- Born: 1955 or 1956 (age 70–71) Winnipeg, Manitoba, Canada
- Organization(s): Priority Records, Melee Entertainment
- Children: 4

= Bryan Turner (businessman) =

American entrepreneur (born 1955 or 1956)

Bryan Turner is a Canadian–American entertainment executive and entrepreneur. He is perhaps best known for being the founder of Priority Records in 1985, which was “the country’s largest independent label in the mid-90s” according to the New York Times. Turner was CEO and sold a portion of the business to EMI in 1996 and the remainder in 1998.

Turner has worked with a multitude of artists, including N.W.A, Dr. Dre, Ice Cube, Snoop Dogg, and Mack 10. He has also been involved in the production of numerous films, including Friday (1995) and Next Day Air.

==Career==
Turner moved to Los Angeles in 1980, beginning his career in the music industry at Capitol Records. He worked in special markets for one year, shortly followed by a five-year run at K-Tel International. At K-Tel, he specialized in curating compilation albums and negotiating licensing rights with labels for artists such as UTFO, Whodini, Run-DMC, and the Fat Boys.

===Priority Records===
After six years working at major labels, Turner founded Priority Records in 1985 and partnered with Mark Cerami. As the CEO of Priority, he was instrumental in the label's early signings. Priority's first album, which ultimately achieved gold status, was a collection entitled “Kings of Rap” in 1985. In 1986, the California Raisins were signed to Priority and sold over two million copies, achieving double platinum status.

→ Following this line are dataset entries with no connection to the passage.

(* Let $\mathcal A\subset\mathbb R^d$ be finite and nonempty with $\mathcal D=\mathrm{conv}(\mathcal A)=\{x:Bx\le c\}$. Let $f(x)=g(Ax)+\langle b,x\rangle$ with $A\in\mathbb R^{m\times d}$, $b\in\mathbb R^d$, where $g$ is continuously differentiable on an open set containing $A\mathcal D$ and $\mu_g$-strongly convex on $A\mathcal D$ with $\mu_g>0$, and let $\tilde\mu$ be the constant $\tilde\mu:=1/\big(2\theta^2(\|b\|M+3GM_A+\frac{2}{\mu_g}(G^2+1))\big)$ defined in the context. Then $\tilde\mu_f\ge\tilde\mu\cdot\mathrm{PWidth}(\mathcal A)^2$.
   Context: Euclidean norms. $\mathcal X^*:=\arg\min_{\mathcal D}f$; $G:=\max_{x\in\mathcal D}\|\nabla g(Ax)\|$, $M:=\mathrm{diam}(\mathcal D)$, $M_A:=\mathrm{diam}(A\mathcal D)$; $\theta>0$ is a Hoffman constant: for every $t\in\mathbb R^m,s\in\mathbb R$ with $P_{t,s}:=\{y:Ay=t,\langle b,y\rangle=s,By\le c\}\ne\emptyset$ and every $x$ with $Bx\le c$, $d(x,P_{t,s})\le\theta\|(Ax-t,\langle b,x\rangle-s)\|$. For a finite $\mathcal B$ and $x\in\mathrm{conv}(\mathcal B)$, $\mathcal S_x(\mathcal B)$ is the family of subsets $S\subseteq\mathcal B$ such that $x$ is a proper convex combination of all elements of $S$ (all coefficients positive); $\mathcal S_x=\mathcal S_x(\mathcal A)$. For $r\neq0$, $\mathrm{PdirW}(\mathcal B,r,x):=\min_{S\in\mathcal S_x(\mathcal B)}\max_{s\in\mathcal B,v\in S}\langle r/\|r\|,s-v\rangle$; $\mathrm{PWidth}(\mathcal A):=\inf\{\mathrm{PdirW}(\mathcal K\cap\mathcal A,r,x)\}$ over nonempty faces $\mathcal K$ of $\mathcal D$ (including $\mathcal D$), $x\in\mathcal K$, $r\in\mathrm{cone}(\mathcal K-x)\setminus\{0\}$. For $x\in\mathcal D$: $s_f(x)\in\arg\min_{a\in\mathcal A}\langle\nabla f(x),a\rangle$; for $S\in\mathcal S_x$, $v_S(x)\in\arg\max_{v\in S}\langle\nabla f(x),v\rangle$; $v_f(x)$ is an element of $\{v_S(x):S\in\mathcal S_x\}$ minimizing $\langle\nabla f(x),\cdot\rangle$; for $\langle\nabla f(x),x^*-x\rangle<0$, $\gamma^{A}(x,x^* ):=\frac{\langle-\nabla f(x),x^*-x\rangle}{\langle-\nabla f(x),s_f(x)-v_f(x)\rangle}$. Generalized geometric strong convexity constant: $\tilde\mu_f:=\inf_{x\in\mathcal D\setminus\mathcal X^*}\ \sup_{x^*\in\mathcal X^*:\langle\nabla f(x),x^*-x\rangle<0}\frac{1}{2\gamma^{A}(x,x^* )^2}\big(f(x^* )-f(x)-2\langle\nabla f(x),x^*-x\rangle\big)$. *)

theory Defs
  imports "HOL-Analysis.Analysis"
begin

definition strongly_convex_on_with :: "real \<Rightarrow> 'a::real_normed_vector set \<Rightarrow> ('a \<Rightarrow> real) \<Rightarrow> bool" where
  "strongly_convex_on_with \<mu> C g \<longleftrightarrow>
     (\<forall>x\<in>C. \<forall>y\<in>C. \<forall>t::real. 0 \<le> t \<and> t \<le> 1 \<longrightarrow>
        g ((1 - t) *\<^sub>R x + t *\<^sub>R y) \<le> (1 - t) * g x + t * g y - \<mu> / 2 * t * (1 - t) * (norm (x - y))\<^sup>2)"

definition Sx :: "'a::real_vector set \<Rightarrow> 'a \<Rightarrow> 'a set set" where
  "Sx B x = {S. S \<subseteq> B \<and> finite S \<and>
      (\<exists>w. (\<forall>v\<in>S. 0 < w v) \<and> sum w S = 1 \<and> (\<Sum>v\<in>S. w v *\<^sub>R v) = x)}"

definition PdirW :: "'a::real_inner set \<Rightarrow> 'a \<Rightarrow> 'a \<Rightarrow> real" where
  "PdirW B r x = Min {Max {inner (r /\<^sub>R norm r) (s - v) | s v. s \<in> B \<and> v \<in> S} | S. S \<in> Sx B x}"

In 1988, Priority released the debut studio album for hip-hop group N.W.A, who "billed itself as the World’s Most Dangerous Group” according to LA Times and USA Today. The album was called “Straight Outta Compton” and was made for $10,000. The group “caused a seismic shift in hip-hop when they formed N.W.A in 1986,” according to the LA Times, and “spoke the truth about life on the streets of Compton.”. While Eazy-E was working on his 2nd album, Turner received a tape copy of the album and said publicly that it was one of the best albums he had ever heard. Turner left Priority in 2002, after completing the label's sale to EMI a few years prior.

===Film===
Turner has been involved in the creation of several films. He was an executive producer for the 1995 Friday, which starred former N.W.A member Ice Cube. Additionally, Turner was an executive producer for the 1998 I Got the Hook-Up, starring Master P, Anthony Johnson, and Gretchen Palmer.

===Melee Entertainment===
In 2003, Turner launched Melee Entertainment, a diverse entertainment venture in partnership with DreamWorks Records. Melee was responsible for the DVD release of “Entertainer’s Basketball Classic at Rucker Park” in 2003. Under Melee, Turner was a co-executive producer for the 2003 documentary “Ultimate Gretzky,” starring Wayne Gretzky, as well as “Riding in Vans with Boys,” starring members of the rock band Blink 182.

In 2004, Melee was an associate producer on the dance film You Got Served, starring the best-selling group B2K, which grossed $40 million through its theatrical release. In 2009, Melee released the film “Next Day Air,” starring Mos Def, Mike Epps, Donald Faison, and Wood Harris. In 2012, Melee released the film “The Under Shepherd,” with director Russ Parr and Academy Award-winning actor Louis Gossett Jr., Isaiah Washington, Lamman Rucker, Bill Cobbs, and Elise Neal. In 2017, Melee produced the horror film “The Gracefield Incident.”